EXERCISE GOAL | Across the following data, state how many lines include the word "shows". Provide the number alone.

[RECORDS SHOWN]

definition removal_position :: "nat \<Rightarrow> (nat \<Rightarrow> nat) \<Rightarrow> position" where
  "removal_position m q =
     (let C = children (Suc m) q (Suc m) in
      if C = {} then Leaf (q (Suc m))
      else if C = {heir m q} then Above (heir m q)
      else Gather (arg_max_on (beta (Suc m) q) (C - {heir m q})))"

locale vertex_removal =
  fixes m :: nat and q :: "nat \<Rightarrow> nat"
  assumes cayley_Suc: "q \<in> cayley_trees (Suc m)" and m: "1 \<le> m"
begin

abbreviation "N \<equiv> Suc m"

sublocale old: cayley_tree N q
  by unfold_locales (rule cayley_Suc)

lemma parent_N: "q N \<in> {1..m}"
  using old.parent_in_range[of N] old.parent_neq_self[of N] m by auto

lemma children_N_subset: "children N q N \<subseteq> {2..m}"
  using parent_N by (auto simp: children_def le_Suc_eq)

lemma parent_le_unless_child_N: "u \<le> m \<Longrightarrow> u \<notin> children N q N \<Longrightarrow> q u \<le> m"
  using old.parent_le[of u] old.parent_outside[of u]
  by (cases "u \<in> {2..m}") (auto simp: children_def le_Suc_eq)

end

locale leaf_removal = vertex_removal +
  assumes leaf: "children N q N = {}"
begin

abbreviation "p \<equiv> q(N := 0)"

lemma remove_max_leaf: "remove_max m q = p"
  by (simp add: remove_max_def leaf)

lemma removal_position_leaf: "removal_position m q = Leaf (q N)"
  by (simp add: removal_position_def leaf)

lemma remove_leaf_cayley: "p \<in> cayley_trees m"
  unfolding cayley_trees_def
proof (intro CollectI conjI ballI allI impI)
  fix v assume "v \<notin> {2..m}"
  then show "p v = 0" using old.parent_outside[of v] by auto
next
  fix v assume "v \<in> {2..m}"
  then show "p v \<in> {1..m}" using old.parent_in_range[of v] parent_le_unless_child_N[of v] leaf by auto
next
  fix v assume v: "v \<in> {1..m}"
  have "ancestors p v = ancestors q v"
  proof (rule ancestors_cong)
    fix w assume "w \<in> ancestors q v"
    then obtain k where "w = (q ^^ k) v" by (auto simp: ancestors_def)
    moreover have "(q ^^ k) v \<le> m"
      using v leaf parent_le_unless_child_N by (induction k) auto
    ultimately show "p w = q w" by simp
  qed
  then show "\<exists>k. (p ^^ k) v = 1" using old.root_in_ancestors[of v] v by (simp add: ex_funpow_iff_ancestors)
qed

end

locale inner_removal = vertex_removal +
  assumes inner: "children N q N \<noteq> {}"
begin

abbreviation "i \<equiv> heir m q"
abbreviation "S \<equiv> children N q N - {i}"
abbreviation "p \<equiv> remove_max m q"

lemma heir_child: "i \<in> children N q N"
  and heir_greatest: "\<forall>b\<in>children N q N. beta N q b \<le> beta N q i"
  using arg_max_on_in[OF finite_subset[OF children_N_subset] inner] by (auto simp: heir_def)

lemma heir_range: "i \<in> {2..m}"
  using heir_child children_N_subset by auto

lemma q_heir: "q i = N"
  using heir_child by (simp add: children_def)

lemma q_S: "c \<in> S \<Longrightarrow> q c = N"
  by (auto simp: children_def)

lemma beta_S_less: "c \<in> S \<Longrightarrow> beta N q c < beta N q i"
  using heir_greatest old.beta_siblings_neq[of c i] heir_child
  by (force simp: children_def)

lemma remove_max_inner:
  "p = (\<lambda>v. if v = N then 0 else if v = i then q N else if v \<in> S then i else q v)"
  unfolding remove_max_def if_not_P[OF inner]
  using old.parent_outside by (intro ext) (auto simp: children_def)

lemma p_N [simp]: "p N = 0"
  by (simp add: remove_max_inner)

lemma p_heir [simp]: "p i = q N"
  using heir_range by (simp add: remove_max_inner)

lemma p_S: "c \<in> S \<Longrightarrow> p c = i"
  using children_N_subset by (auto simp: remove_max_inner)

lemma p_other: "v \<noteq> N \<Longrightarrow> v \<noteq> i \<Longrightarrow> v \<notin> S \<Longrightarrow> p v = q v"
  by (simp add: remove_max_inner)

lemma root_in_ancestors_removal: "v \<in> {1..m} \<Longrightarrow> 1 \<in> ancestors p v"
proof -
  assume "v \<in> {1..m}"
  then have "v \<in> {1..N}" "v \<noteq> N" by auto
  then show ?thesis
  proof (induction v rule: old.ancestors_induct)
    case (step u)
    have IH_N: "1 \<in> ancestors p (q N)" if "q u = N"
    proof -
      have "q N \<in> ancestors q (q u)"
        using that self_in_ancestors[of "q N" q] ancestors_unfold[of q N] by simp
      then show ?thesis using step.IH[of "q N"] parent_N by auto
    qed
    consider "u = 1" | "u = i" | "u \<in> S" | "u \<in> {2..m}" "u \<noteq> i" "u \<notin> S"
      using step.hyps step.prems by force
    then show ?case
    proof cases
      case 1
      then show ?thesis by (simp add: self_in_ancestors)
    next
      case 2
      then show ?thesis
        using IH_N q_heir ancestors_unfold[of p i] by auto
    next
      case 3
      then show ?thesis
        using IH_N q_S p_S ancestors_unfold[of p u] ancestors_unfold[of p i] by auto
    next
      case 4
      then have "q u \<le> m" "q u \<in> {1..N}" "p u = q u"
        using parent_le_unless_child_N[of u] old.parent_in_range[of u] p_other[of u] by auto
      then show ?thesis
        using step.IH[OF self_in_ancestors] ancestors_unfold[of p u] by auto
    qed
  qed
qed

lemma remove_inner_cayley: "p \<in> cayley_trees m"
  unfolding cayley_trees_def
proof (intro CollectI conjI ballI allI impI)
  fix v assume "v \<notin> {2..m}"
  then show "p v = 0"
    using old.parent_outside[of v] heir_range children_N_subset by (auto simp: remove_max_inner)
next
  fix v assume v: "v \<in> {2..m}"
  show "p v \<in> {1..m}"
  proof (cases "v = i \<or> v \<in> S")
    case True
    then show ?thesis using parent_N heir_range p_S by auto
  next
    case False
    then show ?thesis
      using v old.parent_in_range[of v] parent_le_unless_child_N[of v] p_other[of v] by auto
  qed
next
  fix v assume "v \<in> {1..m}"
  then show "\<exists>k. (p ^^ k) v = 1"
    using root_in_ancestors_removal by (simp add: ex_funpow_iff_ancestors)
qed

sublocale sub: subdivision m p i S
  using remove_inner_cayley heir_range p_S children_N_subset
  by unfold_locales (auto simp: children_def)

lemma insert_above_remove_max: "insert_above m p i S = q"
proof
  fix v
  consider "v = N" | "v = i" | "v \<in> S" | "v \<noteq> N" "v \<noteq> i" "v \<notin> S" by blast
  then show "insert_above m p i S v = q v"
    using heir_range by cases (auto simp: insert_above_def q_heir q_S p_other)
qed

lemma beta_S_remove_max: "c \<in> S \<Longrightarrow> beta m p c = beta N q c"
  using sub.beta_insert_above_adopted insert_above_remove_max by simp

lemma S_improper: "c \<in> S \<Longrightarrow> beta m p c < i"
proof -
  assume c: "c \<in> S"
  have "beta m p c = beta N q c" by (rule beta_S_remove_max[OF c])
  also have "\<dots> < beta N q i" by (rule beta_S_less[OF c])
  also have "\<dots> \<le> i" using old.beta_le_self[of i] heir_range by auto
  finally show ?thesis .
qed

end

context leaf_removal
begin

lemma removal_position_in_positions: "removal_position m q \<in> positions m p"
  using parent_N by (simp add: removal_position_leaf positions_def)

lemma insert_at_removal_position: "insert_at m p (removal_position m q) = q"
  by (simp add: removal_position_leaf)

end

context inner_removal
begin

abbreviation "j \<equiv> arg_max_on (beta N q) S"

lemma removal_position_inner:
  "removal_position m q = (if S = {} then Above i else Gather j)"
  using inner heir_child by (auto simp: removal_position_def Let_def)

lemma gathered_remove_max:
  assumes "S \<noteq> {}"
  shows "j \<in> S" "p j = i" "gathered m p j = S"
proof -
  have j: "j \<in> S" and j_greatest: "\<forall>b\<in>S. beta N q b \<le> beta N q j"
    using arg_max_on_in[of S "beta N q"] assms finite_subset[OF _ finite_atLeastAtMost]
      children_N_subset by auto
  show "j \<in> S" by (rule j)
  show pj: "p j = i" using p_S[OF j] .
  show "gathered m p j = S"
  proof (rule set_eqI)
    fix c
    show "c \<in> gathered m p j \<longleftrightarrow> c \<in> S"
    proof
      assume c: "c \<in> S"
      then show "c \<in> gathered m p j"
        using j_greatest p_S[OF c] pj beta_S_remove_max[OF c] beta_S_remove_max[OF j] children_N_subset
        by (auto simp: gathered_def children_def)
    next
      assume "c \<in> gathered m p j"
      then have c: "c \<in> {2..m}" "p c = i" "beta m p c \<le> beta m p j"
        using pj by (auto simp: gathered_def children_def)
      show "c \<in> S"
      proof (rule ccontr)
        assume "c \<notin> S"
        have "c \<noteq> i" using c sub.parent_neq_self[of i] heir_range by auto
        then have "q c = i" using p_other[of c] \<open>c \<notin> S\<close> c by auto
        then have "beta N q i \<le> beta N q c" using old.beta_parent_le[of c] c by auto
        also have "beta N q c = beta m p c"
          using sub.beta_insert_above_other[of c] c \<open>c \<noteq> i\<close> insert_above_remove_max by auto
        also have "\<dots> \<le> beta N q j" using c(3) beta_S_remove_max[OF j] by simp
        finally show False using beta_S_less[OF j] by simp
      qed
    qed
  qed
qed

lemma removal_position_in_positions: "removal_position m q \<in> positions m p"
proof (cases "S = {}")
  case True
  then have "removal_position m q = Above i" by (simp add: removal_position_inner)
  then show ?thesis using heir_range by (simp add: positions_def)
next
  case False
  then have "removal_position m q = Gather j" by (simp add: removal_position_inner)
  moreover have "j \<in> S" "p j = i" using gathered_remove_max[OF False] by auto
  then have "j \<in> improper_children m p"
    using S_improper children_N_subset by (auto simp: improper_children_def)
  ultimately show ?thesis by (simp add: positions_def)
qed

lemma insert_at_removal_position: "insert_at m p (removal_position m q) = q"
proof (cases "S = {}")
  case True
  then have "removal_position m q = Above i" by (simp add: removal_position_inner)
  then show ?thesis using insert_above_remove_max[unfolded True] by simp
next
  case False
  then show ?thesis
    using insert_above_remove_max gathered_remove_max[OF False] by (simp add: removal_position_inner)
qed

end

context vertex_removal
begin

lemma removal_inverse:
  "remove_max m q \<in> cayley_trees m
   \<and> removal_position m q \<in> positions m (remove_max m q)
   \<and> insert_at m (remove_max m q) (removal_position m q) = q"
proof (cases "children N q N = {}")
  case True
  interpret leaf_removal m q by unfold_locales (rule True)
  show ?thesis
    using remove_leaf_cayley removal_position_in_positions insert_at_removal_position
    by (simp add: remove_max_leaf)
next
  case False
  interpret inner_removal m q by unfold_locales (rule False)
  show ?thesis
    using remove_inner_cayley removal_position_in_positions insert_at_removal_position by simp
qed

end

context leaf_insertion
begin

lemma insert_leaf_inverse: "remove_max m q = p \<and> removal_position m q = Leaf v"
proof -
  have "p c \<noteq> N" for c
    using parent_le[of c] parent_outside[of c] by (cases "c \<le> m") auto
  then have leaf: "children N q N = {}"
    using v by (auto simp: children_def)
  have "remove_max m q = q(N := 0)" by (unfold remove_max_def leaf) simp
  also have "\<dots> = p" using parent_outside[of N] by (intro ext) simp
  moreover have "removal_position m q = Leaf v" by (unfold removal_position_def Let_def leaf) simp
  ultimately show ?thesis by simp
qed

end

context subdivision
begin

lemma heir_insert_above:
  assumes "\<forall>c\<in>S. beta N q c < beta N q i"
  shows "heir m q = i"
  unfolding heir_def children_insert_above_new
  by (rule arg_max_on_eq) (use assms in auto)

lemma remove_max_insert_above:
  assumes "heir m q = i"
  shows "remove_max m q = p"
proof
  fix v
  have unfold: "remove_max m q v
      = (if v = N then 0 else if v = i then q N else if q v = N then i else q v)"
    using children_insert_above_new assms by (simp add: remove_max_def)
  consider "v = N" | "v = i" | "v \<in> S" | "v \<noteq> N" "v \<noteq> i" "v \<notin> S" by blast
  then show "remove_max m q v = p v"
  proof cases
    case 1
    then show ?thesis using unfold parent_outside[of N] by simp
  next
    case 2
    then show ?thesis using unfold i by simp
  next
    case 3
    then show ?thesis using unfold q_adopted[OF 3] S S_range by (auto simp: children_def)
  next
    case 4
    have "p v \<noteq> N" using parent_le[of v] parent_outside[of v] by (cases "v \<le> m") auto
    then show ?thesis using unfold 4 q_other[OF 4] by simp
  qed
qed

lemma removal_position_insert_above:
  assumes "heir m q = i"
  shows "removal_position m q = (if S = {} then Above i else Gather (arg_max_on (beta N q) S))"
proof -
  have "insert i S \<noteq> {}" "insert i S = {i} \<longleftrightarrow> S = {}" "insert i S - {i} = S"
    using S_range by auto
  then show ?thesis
    unfolding removal_position_def Let_def children_insert_above_new assms by simp
qed

lemma insert_above_empty_inverse:
  assumes "S = {}"
  shows "remove_max m q = p \<and> removal_position m q = Above i"
proof -
  have "heir m q = i" by (rule heir_insert_above) (simp add: assms)
  then show ?thesis using remove_max_insert_above removal_position_insert_above assms by simp
qed

lemma insert_above_gathered_inverse:
  assumes j: "j \<in> improper_children m p" and i_eq: "i = p j" and S_eq: "S = gathered m p j"
  shows "remove_max m q = p \<and> removal_position m q = Gather j"
proof -
  have j_range: "j \<in> {2..m}" "beta m p j < i" using j i_eq by (auto simp: improper_children_def)
  have j_S: "j \<in> S" using j_range i_eq S_eq by (auto simp: gathered_def children_def)
  have "beta m p j < beta N q i"
    by (rule beta_insert_above_i_greater) (use j_range i_eq S_eq in \<open>auto simp: gathered_def\<close>)
  moreover have "beta N q c \<le> beta m p j" if "c \<in> S" for c
    using that beta_insert_above_adopted[OF that] S_eq by (simp add: gathered_def)
  ultimately have heir: "heir m q = i"
    by (intro heir_insert_above) (auto intro: le_less_trans)
  have "arg_max_on (beta N q) S = j"
  proof (rule arg_max_on_eq[OF j_S], intro ballI impI)
    fix b assume b: "b \<in> S" "b \<noteq> j"
    then have "beta m p b \<le> beta m p j" "beta m p b \<noteq> beta m p j"
      using beta_siblings_neq[of b j] j_range S_eq by (auto simp: gathered_def children_def)
    then show "beta N q b < beta N q j"
      using beta_insert_above_adopted[OF b(1)] beta_insert_above_adopted[OF j_S] by simp
  qed
  moreover have "S \<noteq> {}" using j_S by blast
  ultimately show ?thesis
    using remove_max_insert_above[OF heir] removal_position_insert_above[OF heir] by simp
qed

[/RECORDS SHOWN]

YOUR SOLUTION | 6